A trait becoming increasingly common in computer systems is their ability to measure the affective response of their users. From the affective response measurements, which include measurements of physiological signals and/or behavioral cues, the computer systems can deduce how users feel and gain insight towards the emotional responses the users express. This ability paves the way to many new affective computing applications that rely on the information about the users' emotional state in order to deliver content that is more relevant to users and to tailor services to improve the users' experience.
A user's typical interaction with computer systems involves receiving content many times a day through various channels. Some examples of content users are likely to be exposed to include communications with other users (e.g., video conversations and instant messages), communications with a computer (e.g., interaction with a user's virtual agent), and/or various forms of digital media (e.g., internet sites, television shows, movies, and/or interactive computer games). Throughout these interactions, it can be beneficial for the computer systems to measure the user's affective response in order to gain valuable information on how the user feels.
Computer systems can utilize a wide array of sensors to measure users' affective response signals. For example, cameras and microphones are able to track a user's gestures, facial expressions and/or voice. In addition, there are various types of physiological sensors that can measure physiological signals such as heart rate, blood-volume pulse, galvanic skin response (GSR), skin temperature, respiration, or brainwave activity such as electroencephalography (EEG). These sensors come in many forms, and can be attached to, or embedded in, devices, clothing, and even implanted in the human body.

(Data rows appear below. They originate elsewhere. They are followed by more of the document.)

lemma Pcons_le_Pcons_s:
  assumes N: "N > 0" and NR: "Rmax \<le> real N * R" and s: "s \<in> S_R N"
  shows "\<exists>Na p. feasible N Na p \<and> Pcons N Na p \<le> Pcons_s N s + slot_const / real N"
proof -
  have s': "s \<le> S" and feas: "real N * R / Rmax \<le> N_plus T Tm N s" using s feasible_modes_iff by auto
  define Na where "Na = nat (round (Na_frac N s))"
  define y where "y = real Na"
  note y = round_Na_frac[OF s' N feas NR, folded Na_def, folded y_def]
  note bounds = Na_frac_bounds[OF s' N feas]
  have slot_const: "slot_const \<ge> 0"
    unfolding slot_const_def using Pw_nonneg[of 0] rate_cost_nonneg[of sg "2 * Rmax"] Rmax_pos sg_pos gamma_pos
    by simp
  have Pcons_s: "Pcons_s N s = y / real N * (Pw 0 + gamma * rate_cost sg alpha (R * real N / y))
      + E_sleep Tm Pw S ((real N - y) * T) / (real N * T)"
    unfolding P_cons_s_eq Let_def Na_def[symmetric] y_def ..
  show ?thesis
  proof (cases "R * real N / y \<le> Rmax")
    case True
    have "1 \<le> Na" "Na \<le> N" using y unfolding y_def by auto
    then show ?thesis using equal_alloc[OF _ _ True[unfolded y_def]] Pcons_s slot_const N
      unfolding y_def by (intro exI[of _ Na] exI) (auto simp: divide_nonneg_pos)
  next
    case False
    then have "y < real N * R / Rmax" using y Rmax_pos by (simp add: field_simps)
    then have "y < real N" using bounds(1,2) N_plus_le[OF s', of N] by simp
    moreover have "real N * R / Rmax \<le> y + 1" using y(2) bounds(1) unfolding abs_le_iff by linarith
    ultimately show ?thesis
      using Pcons_extra_slot_le[OF y(1) _ _ _ Pcons_s, of "Na + 1"] y(4) unfolding y_def
      by (auto simp: mult.commute)
  qed
qed

lemma Pcons_nonneg: "feasible N Na p \<Longrightarrow> Pcons N Na p \<ge> 0"
  unfolding P_cons_def using Pw_nonneg[of 0] gamma_pos T_pos E_sleep_nonneg
  by (simp add: sum_nonneg)

lemma P_star_approx:
  "\<exists>C N0. \<forall>N\<ge>N0. \<bar>P_star T sigma2 Pmax alpha gamma Tm Pw S R N - Min (Pcons_s N ` S_R N)\<bar> \<le> C / real N"
proof (intro exI allI impI)
  fix N :: nat
  assume N0: "N \<ge> nat \<lceil>Rmax / R\<rceil> + 1"
  then have N: "N > 0" and "real N \<ge> Rmax / R" by linarith+
  then have NR: "Rmax \<le> real N * R" using R by (simp add: field_simps)
  define P where "P = {Pcons N Na p | Na p. feasible N Na p}"
  define M where "M = Min (Pcons_s N ` S_R N)"
  have "R * real N / real N \<le> Rmax" using N R_le_Rmax by simp
  then have "P \<noteq> {}" using equal_alloc(1)[where Na = N and N = N] N unfolding P_def by auto
  moreover have "bdd_below P" unfolding P_def bdd_below_def using Pcons_nonneg by blast
  ultimately have lower: "M - rounding_const / real N \<le> Inf P"
    using Min_Pcons_s_le_Pcons[OF N NR] unfolding P_def M_def by (fastforce intro: cInf_greatest)
  have "M \<in> Pcons_s N ` S_R N"
    unfolding M_def using finite_feasible_modes zero_in_feasible_modes by (intro Min_in) auto
  then obtain s Na p where "M = Pcons_s N s" "feasible N Na p" "Pcons N Na p \<le> M + slot_const / real N"
    using Pcons_le_Pcons_s[OF N NR] by blast
  then have upper: "Inf P \<le> M + slot_const / real N"
    using \<open>bdd_below P\<close> unfolding P_def by (fastforce intro: cInf_lower2)
  have "rounding_const / real N \<le> \<bar>rounding_const\<bar> / real N + \<bar>slot_const\<bar> / real N"
    "slot_const / real N \<le> \<bar>rounding_const\<bar> / real N + \<bar>slot_const\<bar> / real N"
    using N by (simp_all add: divide_right_mono add_increasing2 add_increasing)
  then show "\<bar>P_star T sigma2 Pmax alpha gamma Tm Pw S R N - M\<bar> \<le> (\<bar>rounding_const\<bar> + \<bar>slot_const\<bar>) / real N"
    using lower upper unfolding P_star_def P_def[symmetric] by (simp add: add_divide_distrib abs_le_iff)
qed

end

theorem theorem2:
  fixes T sigma2 Pmax alpha gamma R :: real
    and S :: nat and Tm Pw Ra :: "nat \<Rightarrow> real"
  assumes T_pos: "T > 0" and sigma2_pos: "sigma2 > 0" and Pmax_pos: "Pmax > 0"
    and alpha: "0 < alpha" "alpha \<le> 1" and gamma_pos: "gamma > 0"
    and Tm0: "Tm 0 = 0" and Tm1: "S \<ge> 1 \<Longrightarrow> Tm 0 \<le> Tm 1"
    and Tm_mono: "\<And>s. 1 \<le> s \<Longrightarrow> s < S \<Longrightarrow> Tm s < Tm (Suc s)"
    and Pw_mono: "\<And>s. s < S \<Longrightarrow> Pw (Suc s) \<le> Pw s" and PwS: "Pw S \<ge> 0"
    and Ra_def: "\<And>s. s \<le> S \<Longrightarrow>
        (if Pw 0 = Pw s \<and> alpha = 1 then Ra s = 0
         else Ra s > 0 \<and> (\<forall>x>0. ra_obj sigma2 alpha gamma Pw s (Ra s) \<le> ra_obj sigma2 alpha gamma Pw s x))"
    and R: "0 < R" "R \<le> R_max sigma2 Pmax"
  shows "\<exists>C N0. \<forall>N\<ge>N0.
           \<bar>P_star T sigma2 Pmax alpha gamma Tm Pw S R N
             - Min ((\<lambda>s. P_cons_s T sigma2 Pmax alpha gamma Tm Pw S Ra R N s)
                      ` feasible_modes T sigma2 Pmax Tm S R N)\<bar> \<le> C / real N"
proof -
  interpret sleep_allocation Tm Pw S T sigma2 Pmax alpha gamma R Ra
    by unfold_locales (use assms in auto)
  show ?thesis by (rule P_star_approx)
qed

end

In the modern world, users are practically interacting with computer systems all day long. This can result in users having their affective response measured for long periods; consequently, copious amounts of data may be generated. This raises several issues concerning the computational resources a computer system may have to consume in order to process and/or transmit the collected data. For example, sensors like cameras or EEG sensors often produce many high dimensional data points. Processing this data, such as filtering, analyzing, extracting features, compressing, and/or encrypting can require a system to perform a significant amount of computations. In addition, sensor measurement data is often collected by mobile battery powered devices, and processing and/or transmitting the data is also performed, at least in part, on mobile devices. Therefore, handling the measurement data can involve an expenditure of energy from the mobile devices' limited energy supplies.
Thus, there is a need to reduce the computational load involved in processing data that includes measurements of users' affective response signals. Unchecked expenditure of computational resources may deplete system resources and/or reduce the systems' ability to operate effectively when needed; this can ultimately end up reducing the quality of information and/or services the computer systems are able to provide their users.